(* Let $K:\mathbb{R}\to\mathbb{R}$ be defined by $K(t)=\sin(\exp(\exp(1/|t|)))$ for $0<|t|\le1$, $K(t)=0$ for $|t|>1$ (and any fixed value at $t=0$). Let $A=[0,1]$ and $\mathcal F(A)=\{K(x-\cdot):x\in A\}$. Then $\mathcal F(A)$ is not a VC class: there do not exist constants $C>0$, $b>0$ such that $\sup_{\mathcal P}N_{cov}(\epsilon,\mathcal F(A),d_{L^2(\mathcal P)})\le C\epsilon^{-b}$ for all $0<\epsilon<1$.
   Context: For a Borel probability measure $\mathcal P$ on $\mathbb{R}$, $d_{L^2(\mathcal P)}(K(x-\cdot),K(y-\cdot))=\big(\int(K(x-z)-K(y-z))^2d\mathcal P(z)\big)^{1/2}$. $N_{cov}(\epsilon,\mathcal F(A),d_{L^2(\mathcal P)})$ is the minimal number of $d_{L^2(\mathcal P)}$-balls of radius $\epsilon$ needed to cover $\mathcal F(A)$; the supremum is over all Borel probability measures on $\mathbb{R}$. *)

theory Defs
  imports "HOL-Probability.Probability"
begin

definition Kker :: "real \<Rightarrow> real \<Rightarrow> real" where
  "Kker c t = (if t = 0 then c
               else if \<bar>t\<bar> \<le> 1 then sin (exp (exp (1 / \<bar>t\<bar>))) else 0)"
lemma Fobj_bdd_below:
  assumes "finite L" "finite R" "\<mu> \<ge> 0" "C > 0" "\<forall>p\<in>L \<times> R. c p \<ge> 0"
  shows "bdd_below {Fobj L R c \<mu> C dL dR y | y. simplex (L \<times> R) y}"
proof (rule bdd_belowI)
  fix z assume "z \<in> {Fobj L R c \<mu> C dL dR y | y. simplex (L \<times> R) y}"
  then obtain y where z: "z = Fobj L R c \<mu> C dL dR y" and y: "simplex (L \<times> R) y" by auto
  have fin: "finite (L \<times> R)" using assms(1,2) by simp
  have "inner_on (L \<times> R) c y \<ge> 0"
    unfolding inner_on_def using assms(5) simplex_bounds[OF fin y] by (intro sum_nonneg) auto
  hence "inner_on (L \<times> R) c y / (4*C) \<ge> 0" using assms(4) by simp
  moreover have "\<mu> / (4*C) * entropy (L \<times> R) y \<ge> \<mu> / (4*C) * - real (card (L \<times> R))"
    using entropy_ge_neg_card[OF fin y] assms(3,4) by (intro mult_left_mono) auto
  moreover have "marg_err L R y dL dR \<ge> 0" by (simp add: marg_err_def sum_nonneg)
  ultimately show "\<mu> / (4*C) * - real (card (L \<times> R)) \<le> z"
    using assms(4) by (simp add: z Fobj_def)
qed

lemma near_min_Fobj_le_feasible:
  assumes "finite L" "finite R" "\<mu> \<ge> 0" "C > 0" "\<forall>p\<in>L \<times> R. c p \<ge> 0"
    and "Fobj L R c \<mu> C dL dR x
           \<le> Inf {Fobj L R c \<mu> C dL dR x' | x'. simplex (L \<times> R) x'} + \<Delta> / (4 * C)"
    and "simplex (L \<times> R) y" "marg_eq L R y dL dR"
  shows "reg_cost (L \<times> R) c \<mu> x + C * marg_err L R x dL dR \<le> reg_cost (L \<times> R) c \<mu> y + \<Delta>"
proof -
  have "Fobj L R c \<mu> C dL dR y \<in> {Fobj L R c \<mu> C dL dR x' | x'. simplex (L \<times> R) x'}"
    using assms(7) by blast
  hence "Inf {Fobj L R c \<mu> C dL dR x' | x'. simplex (L \<times> R) x'} \<le> Fobj L R c \<mu> C dL dR y"
    using Fobj_bdd_below[OF assms(1-5)] by (rule cInf_lower)
  hence "Fobj L R c \<mu> C dL dR x \<le> Fobj L R c \<mu> C dL dR y + \<Delta> / (4*C)"
    using assms(6) by linarith
  moreover have "marg_err L R y dL dR = 0"
    using assms(8) by (simp add: marg_err_def marg_eq_def)
  ultimately have "(reg_cost (L \<times> R) c \<mu> x + C * marg_err L R x dL dR) / (4*C)
                     \<le> (reg_cost (L \<times> R) c \<mu> y + \<Delta>) / (4*C)"
    using assms(4) by (simp add: Fobj_def reg_cost_def field_simps)
  thus ?thesis using assms(4) by (simp add: divide_le_cancel)
qed

theorem mainTheorem13:
  fixes L :: "'a set" and R :: "'b set"
    and c x xt :: "'a \<times> 'b \<Rightarrow> real"
    and dL :: "'a \<Rightarrow> real" and dR :: "'b \<Rightarrow> real"
    and \<mu> C \<Delta> :: real and m :: nat
  assumes "finite L" "L \<noteq> {}" "finite R" "R \<noteq> {}"
    and "m = card L * card R" "m \<ge> 3"
    and "\<mu> \<ge> 0"
    and "\<forall>p\<in>L \<times> R. c p \<ge> 0"
    and "simplex L dL" "simplex R dR"
    and "C = 2 * (linf_on (L \<times> R) c + 33 * \<mu> * ln (real m))" "C > 0"
    and "\<Delta> \<ge> 0"
    and "simplex (L \<times> R) x"
    and "Fobj L R c \<mu> C dL dR x
           \<le> Inf {Fobj L R c \<mu> C dL dR x' | x'. simplex (L \<times> R) x'} + \<Delta> / (4 * C)"
    and "simplex (L \<times> R) xt" "marg_eq L R xt dL dR"
    and "l1_on (L \<times> R) (\<lambda>p. xt p - x p) \<le> 2 * marg_err L R x dL dR"
  shows "inner_on (L \<times> R) c xt + \<mu> * entropy (L \<times> R) xt
           \<le> OPT L R c \<mu> dL dR + \<Delta> + \<mu> * real m powr (-30)"
proof -
  let ?G = "reg_cost (L \<times> R) c \<mu>" and ?e = "marg_err L R x dL dR"
  have card: "card (L \<times> R) = m" using assms(5) by (simp add: card_cartesian_product)
  have half_C: "linf_on (L \<times> R) c + 33 * \<mu> * ln (real m) = C/2" using assms(11) by simp
  have "?G xt - ?G x \<le> (C/2) * l1_on (L \<times> R) (\<lambda>p. xt p - x p) + \<mu> * real m powr (-30)"
    using reg_cost_diff_le[where c = c, OF _ card assms(6,7,14,16), unfolded half_C] assms(1,3) by simp
  also have "\<dots> \<le> C * ?e + \<mu> * real m powr (-30)"
    using assms(12,18) by simp
  finally have rounding: "?G xt \<le> ?G x + C * ?e + \<mu> * real m powr (-30)" by simp
  have "?G xt - \<Delta> - \<mu> * real m powr (-30) \<le> OPT L R c \<mu> dL dR"
    unfolding OPT_def
  proof (rule cInf_greatest)
    fix z assume "z \<in> {inner_on (L \<times> R) c y + \<mu> * entropy (L \<times> R) y | y.
                         simplex (L \<times> R) y \<and> marg_eq L R y dL dR}"
    then obtain y where "z = ?G y" and y: "simplex (L \<times> R) y" "marg_eq L R y dL dR"
      by (auto simp: reg_cost_def)
    moreover have "?G x + C * ?e \<le> ?G y + \<Delta>"
      using near_min_Fobj_le_feasible[OF assms(1,3,7,12,8,15) y] .
    ultimately show "?G xt - \<Delta> - \<mu> * real m powr (-30) \<le> z" using rounding by linarith
  qed (use assms(16,17) in blast)
  thus ?thesis by (simp add: reg_cost_def)
qed

end
(* Consider the permanently Colored Magnetic Tower of Hanoi with $N\ge 1$ disks, posts $S$ (source), $I$ (intermediate), $D$ (destination), where $S$ is colored Red, $D$ is colored Blue, and $I$ is colored either Blue or Red (both versions). Then the minimum number of moves needed to transfer all $N$ disks from $S$ to $D$ is $$S_{100}(N)=\sum_{k=1}^N 3^{k-1}=\frac{3^N-1}{2},$$ and in such a minimal solution disk $k$ (disks numbered $1,\dots,N$ from largest to smallest) is moved exactly $P_{100}(k)=3^{k-1}$ times.
   Context: Magnetic Tower of Hanoi (MToH): there are three posts and $N$ disks of distinct diameters, numbered $1$ (largest) to $N$ (smallest). Each disk has two faces, one Red and one Blue. Initially all $N$ disks are stacked on the source post $S$ in decreasing size from bottom to top, each with its Red face up (Blue face down). A move consists of lifting the top disk of some post, turning it upside down, and placing it on top of another post. Rules: (Size rule) a disk may never be placed on a smaller disk; (Magnet rule) a disk may never be placed so that its downward-facing side has the same color as the upward-facing side of the disk it lands on. The puzzle is solved when all $N$ disks are on the destination post $D$ (one of the two initially empty posts) in decreasing size from bottom to top. In the permanently Colored MToH, each post additionally carries a fixed color, and any disk lying on a post (whether or not the post contains other disks) must have its upward-facing side of that post's color. *)

theory Defs
  imports Main
begin

datatype post = S | I | D
datatype color = Red | Blue

fun flip :: "color \<Rightarrow> color" where
  "flip Red = Blue" | "flip Blue = Red"

fun post_color :: "color \<Rightarrow> post \<Rightarrow> color" where
  "post_color cI S = Red" | "post_color cI D = Blue" | "post_color cI I = cI"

....................

Problem to work on —
Using the records above, copy word for word the line with "assms(1,2) by simp", the line with "dL dR \<le>", and every line between them.

Answer box —
  have fin: "finite (L \<times> R)" using assms(1,2) by simp
  have "inner_on (L \<times> R) c y \<ge> 0"
    unfolding inner_on_def using assms(5) simplex_bounds[OF fin y] by (intro sum_nonneg) auto
  hence "inner_on (L \<times> R) c y / (4*C) \<ge> 0" using assms(4) by simp
  moreover have "\<mu> / (4*C) * entropy (L \<times> R) y \<ge> \<mu> / (4*C) * - real (card (L \<times> R))"
    using entropy_ge_neg_card[OF fin y] assms(3,4) by (intro mult_left_mono) auto
  moreover have "marg_err L R y dL dR \<ge> 0" by (simp add: marg_err_def sum_nonneg)
  ultimately show "\<mu> / (4*C) * - real (card (L \<times> R)) \<le> z"
    using assms(4) by (simp add: z Fobj_def)
qed

lemma near_min_Fobj_le_feasible:
  assumes "finite L" "finite R" "\<mu> \<ge> 0" "C > 0" "\<forall>p\<in>L \<times> R. c p \<ge> 0"
    and "Fobj L R c \<mu> C dL dR x
           \<le> Inf {Fobj L R c \<mu> C dL dR x' | x'. simplex (L \<times> R) x'} + \<Delta> / (4 * C)"
    and "simplex (L \<times> R) y" "marg_eq L R y dL dR"
  shows "reg_cost (L \<times> R) c \<mu> x + C * marg_err L R x dL dR \<le> reg_cost (L \<times> R) c \<mu> y + \<Delta>"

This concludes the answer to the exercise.